As if on cue, a white-and-black blur bounds to your side and licks at your dangling hand.
“Ha!” You chuckle, scratching the pit-bull’s flopping ears. “Hey, buddy!" You stretch your arm too far. "Ugh," you groan, feeling more pain rip through your torso.
“Don’t move!” Fortuna shouts, eyes narrowing in a startling imitation of her mother. “Mom said you shouldn’t move until you’ve gotten better!”
“Your mom’s probably right,” you admit, settling back down onto to your spit-soaked pillow. “Is she around? I need to tell her stuff.” You feel your heart sink. “I also need to talk to Mr. Lynn,” you add.

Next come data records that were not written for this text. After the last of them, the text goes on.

(* the conditional expectation G, transported along the faithful representation *)
definition is_cond_exp :: "('a::topological_space \<Rightarrow> 'a) \<Rightarrow> ('a op \<Rightarrow> 'a \<Rightarrow> complex) \<Rightarrow> bool" where
  "is_cond_exp T G \<longleftrightarrow>
     (\<forall>b\<in>crossed T. continuous_on UNIV (G b)) \<and>
     (\<forall>a\<in>crossed T. \<forall>b\<in>crossed T. G (\<lambda>v p. a v p + b v p) = (\<lambda>x. G a x + G b x)) \<and>
     (\<forall>a\<in>crossed T. \<forall>c. G (\<lambda>v p. c * a v p) = (\<lambda>x. c * G a x)) \<and>
     (\<forall>a\<in>crossed T. \<forall>b\<in>crossed T. \<forall>eps\<ge>0. op_close a b eps \<longrightarrow>
         (\<forall>x. cmod (G a x - G b x) \<le> eps)) \<and>
     (\<forall>f g k l. continuous_on UNIV f \<longrightarrow> continuous_on UNIV g \<longrightarrow>
        G (Mop f \<circ> (Sop T ^^ k) \<circ> (Sstar T ^^ l) \<circ> Mop g) =
          (\<lambda>x. if k = l then f x * g x / complex_of_real (Ik T k x) else 0))"

end

theory Submission
  imports Defs
begin

text \<open>Every operator in the non-closed algebra \<open>alg0\<close> is a finite sum of monomials
  \<open>M\<^sub>f S\<^sup>k S\<^sup>*\<^sup>l M\<^sub>g\<close> with continuous \<open>f\<close>, \<open>g\<close>, because \<open>S\<^sup>* M\<^sub>u S = M\<^bsub>\<L> u\<^esub>\<close> and \<open>\<L>\<close> preserves continuity
  for a covering map. The coefficient \<open>\<langle>M\<^sub>f S\<^sup>k S\<^sup>*\<^sup>l M\<^sub>g e(x, m), e(y, n)\<rangle>\<close> vanishes unless
  \<open>k + m = l + n\<close> and \<open>T\<^sup>l x = T\<^sup>k y\<close>, and is then a continuous function of \<open>(x, y)\<close>; on the diagonal
  it equals the conditional expectation. Such operators also depend on only finitely many
  coordinates at each point. All three statements pass to the norm closure, since a matrix
  coefficient moves by at most the operator-norm distance.\<close>

definition restrict0 :: "('a \<times> int) set \<Rightarrow> ('a \<times> int \<Rightarrow> complex) \<Rightarrow> 'a \<times> int \<Rightarrow> complex" where
  "restrict0 S v = (\<lambda>q. if q \<in> S then v q else 0)"

lemma ell2_coord_le_l2norm:
  assumes "v \<in> ell2"
  shows "cmod (v p) \<le> l2norm v"
proof -
  have "(\<lambda>q. (cmod (v q))\<^sup>2) summable_on UNIV" using assms by (simp add: ell2_def)
  then have "(\<Sum>\<^sub>\<infinity>q\<in>{p}. (cmod (v q))\<^sup>2) \<le> (\<Sum>\<^sub>\<infinity>q. (cmod (v q))\<^sup>2)"
    by (intro infsum_mono_neutral) auto
  then have "sqrt ((cmod (v p))\<^sup>2) \<le> l2norm v"
    unfolding l2norm_def by (intro real_sqrt_le_mono) simp
  then show ?thesis by simp
qed

lemma restrict0_ell2:
  assumes "v \<in> ell2"
  shows "restrict0 S v \<in> ell2" and "l2norm (restrict0 S v) \<le> l2norm v"
proof -
  have v: "(\<lambda>q. (cmod (v q))\<^sup>2) summable_on UNIV" using assms by (simp add: ell2_def)
  have vS: "(\<lambda>q. (cmod (restrict0 S v q))\<^sup>2) summable_on UNIV"
    by (rule summable_on_comparison_test[OF v]) (auto simp: restrict0_def)
  then show "restrict0 S v \<in> ell2" by (simp add: ell2_def)
  have "(\<Sum>\<^sub>\<infinity>q. (cmod (restrict0 S v q))\<^sup>2) \<le> (\<Sum>\<^sub>\<infinity>q. (cmod (v q))\<^sup>2)"
    by (rule infsum_mono[OF vS v]) (auto simp: restrict0_def)
  then show "l2norm (restrict0 S v) \<le> l2norm v" by (simp add: l2norm_def)
qed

“Um.” Fortuna tilts her head to the side. “Mom and Mr. Lynn were talking to the cop you saved.” Her nose wrinkles. “They were all shouting at each other. It hurt my ears.”
Oh dear.
“I need to talk to them now!” you declare, gripping your hospital bed’s railings and pulling yourself up to a sitting position. The bandages on your back pinch sharply.
You’re shirtless, you realize. No, worse than that. Somebody took a pair of scissors and sliced your lucky shirt into ribbons. All those hours of computer coding and spellcraft, wasted!

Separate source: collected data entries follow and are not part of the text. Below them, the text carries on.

lemma ft_gauge_cong_AE:
  assumes vw: "AE x in lborel. v x = w x"
    and v_meas[measurable]: "v \<in> borel_measurable borel" and w_meas[measurable]: "w \<in> borel_measurable borel"
    and summable: "summable (\<lambda>k. complex_of_real ((- \<delta>) ^ k / fact k) * ft_mult_pow w (ft_phase w) k \<xi>)"
  shows "ft_gauge \<delta> v \<xi> = ft_gauge \<delta> w \<xi> + (v \<xi> - w \<xi>)"
proof -
  have pow: "ft_mult_pow v (ft_phase w) (Suc k) = ft_mult_pow w (ft_phase w) (Suc k)" for k
    by (induction k) (simp_all add: ft_mult_cong_AE[OF vw v_meas w_meas borel_measurable_ft_phase[OF w_meas]])
  have series_term: "complex_of_real ((- \<delta>) ^ k / fact k) * ft_mult_pow v (ft_phase v) k \<xi>
      = complex_of_real ((- \<delta>) ^ k / fact k) * ft_mult_pow w (ft_phase w) k \<xi>
        + (if k = 0 then v \<xi> - w \<xi> else 0)" for k
    by (cases k) (simp_all add: ft_phase_cong_AE[OF vw] pow del: ft_mult_pow.simps(2))
  have "(\<lambda>k. complex_of_real ((- \<delta>) ^ k / fact k) * ft_mult_pow w (ft_phase w) k \<xi>
      + (if k = 0 then v \<xi> - w \<xi> else 0)) sums (ft_gauge \<delta> w \<xi> + (v \<xi> - w \<xi>))"
    using summable_sums[OF summable] sums_single[of 0 "\<lambda>_. v \<xi> - w \<xi>"]
    by (intro sums_add) (simp_all add: ft_gauge_eq_suminf)
  then have "(\<lambda>k. complex_of_real ((- \<delta>) ^ k / fact k) * ft_mult_pow v (ft_phase v) k \<xi>)
      sums (ft_gauge \<delta> w \<xi> + (v \<xi> - w \<xi>))"
    by (simp only: series_term)
  then show ?thesis
    by (simp add: ft_gauge_eq_suminf sums_iff)
qed

lemma E_bound_ft_gauge:
  assumes "0 < \<epsilon>" "0 \<le> \<sigma>" and v_in: "in_E s \<sigma> v" and v_supp: "AE \<xi> in lborel. \<xi> < \<epsilon> \<longrightarrow> v \<xi> = 0"
  shows "in_E s \<sigma> (ft_gauge \<delta> v) \<and>
    E_norm s \<sigma> (ft_gauge \<delta> v) \<le> exp (\<bar>\<delta>\<bar> * phase_const \<sigma> * (E_norm s \<sigma> v)\<^sup>2) * E_norm s \<sigma> v"
proof -
  have [measurable]: "v \<in> borel_measurable borel"
    using v_in by (simp add: in_E_def)
  define w where "w x = (if x < \<epsilon> then 0 else v x)" for x
  have [measurable]: "w \<in> borel_measurable borel"
    unfolding w_def by measurable
  have w_supp: "\<And>x. x < \<epsilon> \<Longrightarrow> w x = 0"
    by (simp add: w_def)
  have vw: "AE x in lborel. v x = w x"
    using v_supp by eventually_elim (simp add: w_def)
  have "E_sqnorm s \<sigma> w = E_sqnorm s \<sigma> v"
    using vw by (simp add: E_sqnorm_cong_AE eq_commute)
  then have w_in: "in_E s \<sigma> w" and N_w: "E_norm s \<sigma> w = E_norm s \<sigma> v"
    using v_in by (simp_all add: in_E_iff_E_sqnorm E_norm_eq_sqrt_E_sqnorm)
  have "summable (\<lambda>k. complex_of_real ((- \<delta>) ^ k / fact k) * ft_mult_pow w (ft_phase w) k \<xi>)" for \<xi>
    by (rule summable_finite[OF finite_support_ft_mult_pow_phase[OF assms(1) w_supp, where \<xi> = \<xi>]]) auto
  then have gauge_v: "ft_gauge \<delta> v = (\<lambda>\<xi>. ft_gauge \<delta> w \<xi> + (v \<xi> - w \<xi>))"
    by (intro ext ft_gauge_cong_AE[OF vw]) measurable
  have [measurable]: "ft_gauge \<delta> w \<in> borel_measurable borel"
    using E_bound_ft_gauge_supported(1)[OF assms(1) w_supp assms(2) w_in] by (simp add: in_E_def)
  then have [measurable]: "ft_gauge \<delta> v \<in> borel_measurable borel"
    unfolding gauge_v by measurable
  have "AE \<xi> in lborel. ft_gauge \<delta> v \<xi> = ft_gauge \<delta> w \<xi>"
    using vw unfolding gauge_v by eventually_elim simp
  then have "E_sqnorm s \<sigma> (ft_gauge \<delta> v) = E_sqnorm s \<sigma> (ft_gauge \<delta> w)"
    by (rule E_sqnorm_cong_AE)
  then show ?thesis
    using E_bound_ft_gauge_supported[OF assms(1) w_supp assms(2) w_in, of \<delta>]
    by (simp add: in_E_iff_E_sqnorm E_norm_eq_sqrt_E_sqnorm N_w[symmetric])
qed

theorem proposition3p2:
  fixes \<epsilon>0 \<delta> \<sigma> :: real
  assumes "\<epsilon>0 > 0" and "\<sigma> > 0"
  shows "\<exists>C>0. \<forall>s v. s \<le> 0 \<longrightarrow> in_E s \<sigma> v \<longrightarrow>
           (AE \<xi> in lborel. \<xi> < \<epsilon>0 \<longrightarrow> v \<xi> = 0) \<longrightarrow>
           in_E s \<sigma> (ft_gauge \<delta> v) \<and>
           E_norm s \<sigma> (ft_gauge \<delta> v) \<le> exp (C * (E_norm s \<sigma> v)\<^sup>2) * E_norm s \<sigma> v"
proof (intro exI[of _ "\<bar>\<delta>\<bar> * phase_const \<sigma> + 1"] conjI allI impI)
  show "0 < \<bar>\<delta>\<bar> * phase_const \<sigma> + 1"
    using phase_const_pos[of \<sigma>] by (simp add: add_nonneg_pos)
  fix s v
  assume "in_E s \<sigma> v" and "AE \<xi> in lborel. \<xi> < \<epsilon>0 \<longrightarrow> v \<xi> = 0"
  then have bound: "in_E s \<sigma> (ft_gauge \<delta> v) \<and>
      E_norm s \<sigma> (ft_gauge \<delta> v) \<le> exp (\<bar>\<delta>\<bar> * phase_const \<sigma> * (E_norm s \<sigma> v)\<^sup>2) * E_norm s \<sigma> v"
    using E_bound_ft_gauge[OF \<open>\<epsilon>0 > 0\<close> less_imp_le[OF \<open>\<sigma> > 0\<close>]] by blast
  then show "in_E s \<sigma> (ft_gauge \<delta> v)"
    by simp
  have "exp (\<bar>\<delta>\<bar> * phase_const \<sigma> * (E_norm s \<sigma> v)\<^sup>2) \<le> exp ((\<bar>\<delta>\<bar> * phase_const \<sigma> + 1) * (E_norm s \<sigma> v)\<^sup>2)"
    by (simp add: distrib_right)
  moreover have "0 \<le> E_norm s \<sigma> v"
    by (simp add: E_norm_def)
  ultimately show "E_norm s \<sigma> (ft_gauge \<delta> v) \<le> exp ((\<bar>\<delta>\<bar> * phase_const \<sigma> + 1) * (E_norm s \<sigma> v)\<^sup>2) * E_norm s \<sigma> v"
    using bound by (meson mult_right_mono order_trans)
qed

end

No, you tell yourself. Focus: You can mourn your shirt later.
“Have you seen C around?” You ask Fortuna.
“Which one?” Fortuna asks you earnestly.
Good point. You take another look at the Cs standing watch by the door. One of them seems human, while the other has a scaly tail protruding from the waistline of their pants.
“Any one of them’s good,” you say to Fortuna. “Could you tell them to bring me a wheelchair?”
“I’ll lend you my wheelchair, chum!”
You look up. Sarah Mankiller rolls toward you, her hooves planted firmly in her wheelchair’s plastic stirrups. She squeezes her chair brakes and grinds to a stop, popping a wheelie in the middle of the hospital ward. “I don’t need the thing, really,” she explains, resting her hands on the porcelain Chaplin mask in her lap. “But it’s fun to drive around.”
“I’ll take it,” you say gladly. “I owe you one.”
You do a double take and stare at the mask the Deer-woman has in her lap. You look up again and things click.
“You’re with the Commune?” You blurt out. You stare into Sarah’s eyes, paying close attention to her left eye. “But you’re…!”
“What?” Sarah says with a chuckle. “A forager? Herbivores can be interested in social change too, you know!” She shakes her head at you ever so slightly, her smile stiff and brittle. “But maybe we should be talking more about you right now, capiche?”
“Capiche!” You say hastily. “Message received.”
Sarah visibly relaxes. “Good,” she says, “because we’ve got a lot to talk about…!”
Cookie the Dog leaps onto Sarah, tag wagging furiously as he tries to sniff and lick her face.
“Agh!” Sarah cries, desperately tugging at the pit bull’s jowls. “Get it off! Get it off!”
“Cookie!” Fortuna screams, voice cracking as she tries to grab her pet. “No! Bad! She’s not food!”